Collected data:

(* Let $(M^{2m},F,g)$ be a para-Kähler-Norden manifold, let $V$ be a unit parallel vector field on $M$, let $\alpha:M\to(0,\infty)$ be smooth with $(FV)(\alpha)=0$, and let $g^{\alpha}(X,Y)=\alpha\big(g(X,Y)+g(X,FV)g(Y,FV)\big)$. If $\sigma$ and $\widetilde{\sigma}$ denote the scalar curvatures of $g$ and $g^{\alpha}$, then $$\widetilde{\sigma}=\frac{1}{\alpha}\sigma-\frac{2m-1}{\alpha^{2}}\Delta(\alpha)-\frac{(2m-1)(m-3)}{2\alpha^{3}}\|\mathrm{grad}\,\alpha\|^{2}.$$
   Context: A para-Kähler-Norden manifold $(M^{2m},F,g)$: $M$ is a $2m$-dimensional smooth manifold, $F$ is a $(1,1)$-tensor field with $F^2=I$ whose eigenbundles for the eigenvalues $+1,-1$ have the same rank, $g$ is a Riemannian metric with $g(FX,Y)=g(X,FY)$, and $\nabla F=0$ for the Levi-Civita connection $\nabla$ of $g$. $V$ unit parallel means $g(V,V)=1$, $\nabla V=0$. $\mathrm{grad}\,\alpha$ is the $g$-gradient, $\|\cdot\|$ the $g$-norm, $\Delta(\alpha)=\sum_i g(\nabla_{e_i}\mathrm{grad}\,\alpha,e_i)$ over a $g$-orthonormal frame. Scalar curvature is the trace of the Ricci curvature with respect to the respective metric. *)

theory Defs
  imports "HOL-Analysis.Analysis"
begin

text \<open>Local-coordinate Riemannian geometry on an open set U of real^'n
  (a single chart). Tensor fields are given by their components.
  Matrix entries: G x $ i $ j = g_ij, F x $ i $ j = F^i_j, V x $ i = V^i.\<close>

definition pd :: "'n::finite \<Rightarrow> (real^'n \<Rightarrow> real) \<Rightarrow> real^'n \<Rightarrow> real" where
  "pd i f x = deriv (\<lambda>t. f (x + t *\<^sub>R axis i 1)) 0"

fun iterpd :: "'n::finite list \<Rightarrow> (real^'n \<Rightarrow> real) \<Rightarrow> real^'n \<Rightarrow> real" where
  "iterpd [] f = f"
| "iterpd (i # is) f = pd i (iterpd is f)"

definition smooth_on :: "(real^'n::finite) set \<Rightarrow> (real^'n \<Rightarrow> real) \<Rightarrow> bool" where
  "smooth_on U f \<longleftrightarrow> (\<forall>is. iterpd is f differentiable_on U)"

definition ginv :: "(real^'n::finite \<Rightarrow> real^'n^'n) \<Rightarrow> real^'n \<Rightarrow> real^'n^'n" where
  "ginv G x = matrix_inv (G x)"
lemma prod_list_F_tot_factor_mult_h_sigma_chain:
  "j \<le> n \<Longrightarrow> prod_list (map (\<lambda>i. F_tot_factor i a * h i (sigma_chain \<sigma> b i)) [0..<j]) =
     (if \<forall>i<j. a i = b i then prod_list (map (\<lambda>i. F_tot_factor i b) [0..<j]) else 0)"
proof (induction j)
  case 0
  then show ?case by simp
next
  case (Suc j)
  show ?case
  proof (cases "\<forall>i<j. a i = b i")
    case True
    then have "(\<forall>i<Suc j. a i = b i) \<longleftrightarrow> a j = b j"
      by (auto simp: less_Suc_eq)
    then show ?thesis
      using Suc True F_tot_factor_mult_h_sigma_chain[of j a b] by simp
  next
    case False
    then show ?thesis
      using Suc by auto
  qed
qed

lemma F_tot_formula_term_mult_F_col_term:
  assumes "0 < k" "Suc k < n"
  shows "(prod_list (map (\<lambda>i. F_tot_factor i a) [0..<k]) * wi k (circ_chain cm a k)) *
         (prod_list (map (\<lambda>i. h i (sigma_chain \<sigma> b i)) [0..<Suc k]) * wi (Suc k) (circ_chain cm b (Suc k)))
       = (if \<forall>i<k. a i = b i
          then prod_list (map (\<lambda>i. F_tot_factor i b) [0..<Suc k]) * wi (Suc k) (circ_chain cm b (Suc k))
          else 0)"
proof -
  let ?Fa = "prod_list (map (\<lambda>i. F_tot_factor i a) [0..<k])"
  let ?Fb = "prod_list (map (\<lambda>i. F_tot_factor i b) [0..<k])"
  let ?Hb = "prod_list (map (\<lambda>i. h i (sigma_chain \<sigma> b i)) [0..<k])"
  let ?Wa = "wi k (circ_chain cm a k)"
  let ?Wb = "wi (Suc k) (circ_chain cm b (Suc k))"
  have comm: "?Wa * ?Hb = ?Hb * ?Wa"
    using assms by (intro commute_prod_list_upt[of k]) (auto simp: in_slot_wi in_slot_h)
  have "(?Fa * ?Wa) * (prod_list (map (\<lambda>i. h i (sigma_chain \<sigma> b i)) [0..<Suc k]) * ?Wb)
      = ?Fa * (?Wa * ?Hb) * h k (sigma_chain \<sigma> b k) * ?Wb"
    by (simp add: mult.assoc)
  also have "\<dots> = (?Fa * ?Hb) * (?Wa * h k (sigma_chain \<sigma> b k)) * ?Wb"
    by (simp add: comm mult.assoc)
  also have "?Fa * ?Hb = prod_list (map (\<lambda>i. F_tot_factor i a * h i (sigma_chain \<sigma> b i)) [0..<k])"
    using assms by (intro prod_list_upt_mult_prod_list_upt) (auto simp: in_slot_F_tot_factor in_slot_h)
  also have "\<dots> = (if \<forall>i<k. a i = b i then ?Fb else 0)"
    using assms by (simp add: prod_list_F_tot_factor_mult_h_sigma_chain)
  finally have expand: "(?Fa * ?Wa) * (prod_list (map (\<lambda>i. h i (sigma_chain \<sigma> b i)) [0..<Suc k]) * ?Wb)
      = (if \<forall>i<k. a i = b i then ?Fb else 0) * (?Wa * h k (sigma_chain \<sigma> b k)) * ?Wb" .
  show ?thesis
  proof (cases "\<forall>i<k. a i = b i")
    case True
    then have "?Wa * h k (sigma_chain \<sigma> b k) = F_tot_factor k b"
      using assms by (simp add: F_tot_factor_def wi_circ_chain_mult_h_sigma_chain)
    with True show ?thesis
      unfolding expand by (simp add: mult.assoc)
  next
    case False
    then have no_prefix: "(\<forall>i<k. a i = b i) \<longleftrightarrow> False"
      by blast
    show ?thesis
      unfolding expand no_prefix if_False by simp
  qed
qed

lemma F_tot_formula_mult_F_col:
  assumes "0 < k" "Suc k < n"
  shows "F_tot_formula cm h wi (Suc k) * F_col \<sigma> h wi (Suc (Suc k))
    = F_tot_formula cm h wi (Suc (Suc k))"
proof -
  have "F_tot_formula cm h wi (Suc k) * F_col \<sigma> h wi (Suc (Suc k))
      = (\<Sum>a\<in>Pi\<^sub>E {..<k} (\<lambda>_. UNIV). \<Sum>b\<in>Pi\<^sub>E {..<Suc k} (\<lambda>_. UNIV).
          if \<forall>i<k. a i = b i
          then prod_list (map (\<lambda>i. F_tot_factor i b) [0..<Suc k]) * wi (Suc k) (circ_chain cm b (Suc k))
          else 0)"
    unfolding F_tot_formula_Suc_eq[OF assms(1)] F_col_Suc_eq[OF zero_less_Suc assms(2)] sum_product
    by (simp only: F_tot_formula_term_mult_F_col_term[OF assms])
  also have "\<dots> = F_tot_formula cm h wi (Suc (Suc k))"
    using assms by (simp add: sum_PiE_prefix_delta F_tot_formula_Suc_eq)
  finally show ?thesis .
qed

lemma F_tot_eq_F_tot_formula:
  "2 \<le> k \<Longrightarrow> k \<le> n \<Longrightarrow> F_tot \<sigma> h wi k = F_tot_formula cm h wi k"
proof (induction k rule: nat_induct_at_least)
  case base
  then show ?case
    using F_col_Suc_eq[of 1] F_tot_formula_Suc_eq[of 1] by (simp add: numeral_2_eq_2 F_tot_factor_def)
next
  case (Suc k)
  then obtain j where "k = Suc j" "0 < j"
    by (cases k) auto
  with Suc show ?case
    using F_tot_formula_mult_F_col[of j] by simp
qed

end

theorem lemma2p18:
  fixes \<iota> :: "'k::field \<Rightarrow> 'b::ring_1"
    and cm :: "'x::{finite,ab_group_add} \<Rightarrow> 'x \<Rightarrow> 'x"
    and \<sigma> \<tau> :: "'x \<Rightarrow> 'x \<Rightarrow> 'x"
    and h w wi :: "nat \<Rightarrow> 'x \<Rightarrow> 'b"
    and n :: nat
  assumes "is_k_algebra \<iota>"
    and "\<forall>a. bij (\<sigma> a)"
    and "is_brace cm"
    and "\<forall>a b. \<sigma> a b = - a + cm a b"
    and "\<forall>a b. \<sigma> (\<sigma> a b) (\<tau> b a) = a"
    and "tensor_model n \<sigma> \<tau> h w wi"
    and "\<forall>i<n. \<forall>a b. w i a * w i b = w i (cm a b)"
    and "n \<ge> 2"
  shows "F_col \<sigma> h wi n = (\<Sum>a\<in>UNIV. Delta_h h (n-1) a * wi (n-1) a)
         \<and> F_tot \<sigma> h wi n = F_tot_formula cm h wi n"
proof -
  interpret brace_yb_tensor n \<sigma> \<tau> h w wi cm
    using assms(2-4,6,7) by unfold_locales (auto intro: bij_is_inj)
  obtain m where "n = Suc m" "0 < m"
    using \<open>n \<ge> 2\<close> by (cases n) auto
  then show ?thesis
    using F_col_eq_Delta_h[of m] F_tot_eq_F_tot_formula[of n] by simp
qed

end
lemma sum_partitions_mprod_geom_coeff:
  assumes mu: "is_partition mu"
  shows "(\<Sum>c\<in>partitions (sum_mset mu) (Suc (size mu)). mprod geom_coeff mu c * mprod geom_coeff c nu)
    = (of_nat (size nu) - of_nat (size mu)) * mprod geom_coeff mu nu"
proof -
  let ?P = "partitions (sum_mset mu) (Suc (size mu))"
  have "(\<Sum>c\<in>?P. mprod geom_coeff mu c * mprod geom_coeff c nu)
      = (\<Sum>c\<in>?P. \<Sum>m\<in>#mu. \<Sum>a\<in>{1..<m}. mdelta (split_part mu m a) c * mprod geom_coeff c nu)"
    by (rule sum.cong[OF refl]) (simp add: mprod_geom_coeff_size_Suc[OF mu] partitions_def
      sum_distrib_right sum_mset_distrib_right)
  also have "\<dots> = (\<Sum>m\<in>#mu. \<Sum>a\<in>{1..<m}. \<Sum>c\<in>?P. mdelta (split_part mu m a) c * mprod geom_coeff c nu)"
    by (simp only: sum_sum_mset_swap sum.swap[of _ ?P])
  also have "\<dots> = (\<Sum>m\<in>#mu. \<Sum>a\<in>{1..<m}. mprod geom_coeff (split_part mu m a) nu)"
    using split_part_in_partitions[OF mu] finite_partitions
    by (intro sum_mset_cong sum.cong refl) (simp add: mdelta_mult sum.delta')
  also have "\<dots> = (\<Sum>m\<in>#mu. mmul (euler 1 (geom_coeff m)) (mprod geom_coeff (mu - {#m#})) nu)"
  proof (rule sum_mset_cong)
    fix m assume m: "m \<in># mu"
    then have "(\<Sum>a\<in>{1..<m}. mprod geom_coeff (split_part mu m a) nu)
        = mmul (\<lambda>x. \<Sum>a\<in>{1..<m}. mmul (geom_coeff a) (geom_coeff (m - a)) x) (mprod geom_coeff (mu - {#m#})) nu"
      by (simp only: mprod_split_part mmul_sum_left)
    also have "(\<lambda>x. \<Sum>a\<in>{1..<m}. mmul (geom_coeff a) (geom_coeff (m - a)) x) = euler 1 (geom_coeff m)"
      unfolding euler_def using is_partition_memberD[OF mu m] by (intro ext geom_coeff_convolution)
    finally show "(\<Sum>a\<in>{1..<m}. mprod geom_coeff (split_part mu m a) nu)
        = mmul (euler 1 (geom_coeff m)) (mprod geom_coeff (mu - {#m#})) nu" .
  qed
  also have "\<dots> = (of_nat (size nu) - of_nat (size mu)) * mprod geom_coeff mu nu"
    by (simp add: sum_mmul_euler_mprod euler_def)
  finally show ?thesis .
qed

section \<open>The constants t^mu_nu\<close>

lemma has_field_derivative_divide_power:
  fixes g d K :: complex
  assumes "g * w + d \<noteq> 0"
  shows "((\<lambda>w. K / (g * w + d) ^ Suc n) has_field_derivative
           - K * of_nat (Suc n) * g / (g * w + d) ^ Suc (Suc n)) (at w)"
proof -
  define c where "c = g * w + d"
  have "((\<lambda>w. K * inverse (g * w + d) ^ Suc n) has_field_derivative
      K * (of_nat (Suc n) * inverse c ^ n * (- (inverse c ^ 2) * g))) (at w)"
    unfolding c_def using assms by (intro derivative_eq_intros refl) (auto simp: power2_eq_square)
  moreover have "K * (of_nat (Suc n) * inverse c ^ n * (- (inverse c ^ 2) * g))
      = - K * of_nat (Suc n) * g / c ^ Suc (Suc n)"
    using assms unfolding c_def[symmetric] by (simp add: field_simps power2_eq_square)
  moreover have "(\<lambda>w. K * inverse (g * w + d) ^ Suc n) = (\<lambda>w. K / (g * w + d) ^ Suc n)"
    by (simp add: divide_inverse power_inverse)
  ultimately show ?thesis
    unfolding c_def by (simp only:)
qed

lemma moeb_has_field_derivative:
  assumes det: "\<alpha> * \<delta> - \<beta> * \<gamma> = 1" and c: "of_real \<gamma> * w + of_real \<delta> \<noteq> (0::complex)"
  shows "(moeb \<alpha> \<beta> \<gamma> \<delta> has_field_derivative 1 / (of_real \<gamma> * w + of_real \<delta>) ^ 2) (at w)"
proof -
  have "of_real \<alpha> * of_real \<delta> - of_real \<beta> * of_real \<gamma> = (1::complex)"
    by (metis det of_real_1 of_real_diff of_real_mult)
  then show ?thesis
    unfolding moeb_def using c
    by (auto intro!: derivative_eq_intros simp: power2_eq_square algebra_simps)
qed

lemma higher_deriv_moeb:
  assumes det: "\<alpha> * \<delta> - \<beta> * \<gamma> = 1"
  shows "of_real \<gamma> * w + of_real \<delta> \<noteq> (0::complex) \<Longrightarrow>
    (deriv ^^ Suc j) (moeb \<alpha> \<beta> \<gamma> \<delta>) w
      = fact (Suc j) * (- of_real \<gamma>) ^ j / (of_real \<gamma> * w + of_real \<delta>) ^ Suc (Suc j)"
proof (induction j arbitrary: w)
  case 0
  then show ?case
    using DERIV_imp_deriv[OF moeb_has_field_derivative[OF det]] by (simp add: power2_eq_square)
next
  case (Suc j)
  let ?K = "fact (Suc j) * (- of_real \<gamma>) ^ j :: complex"
  have "\<forall>\<^sub>F x in nhds w. of_real \<gamma> * x + of_real \<delta> \<noteq> (0::complex)"
    using Suc.prems by (intro eventually_nhds_in_open[of "{x. _ x \<noteq> 0}", simplified]
      open_Collect_neq continuous_intros) auto
  then have "\<forall>\<^sub>F x in nhds w.
      (deriv ^^ Suc j) (moeb \<alpha> \<beta> \<gamma> \<delta>) x = ?K / (of_real \<gamma> * x + of_real \<delta>) ^ Suc (Suc j)"
    by eventually_elim (use Suc.IH in auto)
  then have "(deriv ^^ Suc (Suc j)) (moeb \<alpha> \<beta> \<gamma> \<delta>) w
      = deriv (\<lambda>x. ?K / (of_real \<gamma> * x + of_real \<delta>) ^ Suc (Suc j)) w"
    by (simp add: deriv_cong_ev)
  also have "\<dots> = - ?K * of_nat (Suc (Suc j)) * of_real \<gamma> / (of_real \<gamma> * w + of_real \<delta>) ^ Suc (Suc (Suc j))"
    using Suc.prems by (intro DERIV_imp_deriv has_field_derivative_divide_power)
  finally show ?case
    by (simp add: algebra_simps)
qed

* What you have to do
Begin with the line that contains "using Suc.prems by (intro DERIV_imp_deriv" and print each line exactly until the data ends, including the last line.

* Problem solution
    using Suc.prems by (intro DERIV_imp_deriv has_field_derivative_divide_power)
  finally show ?case
    by (simp add: algebra_simps)
qed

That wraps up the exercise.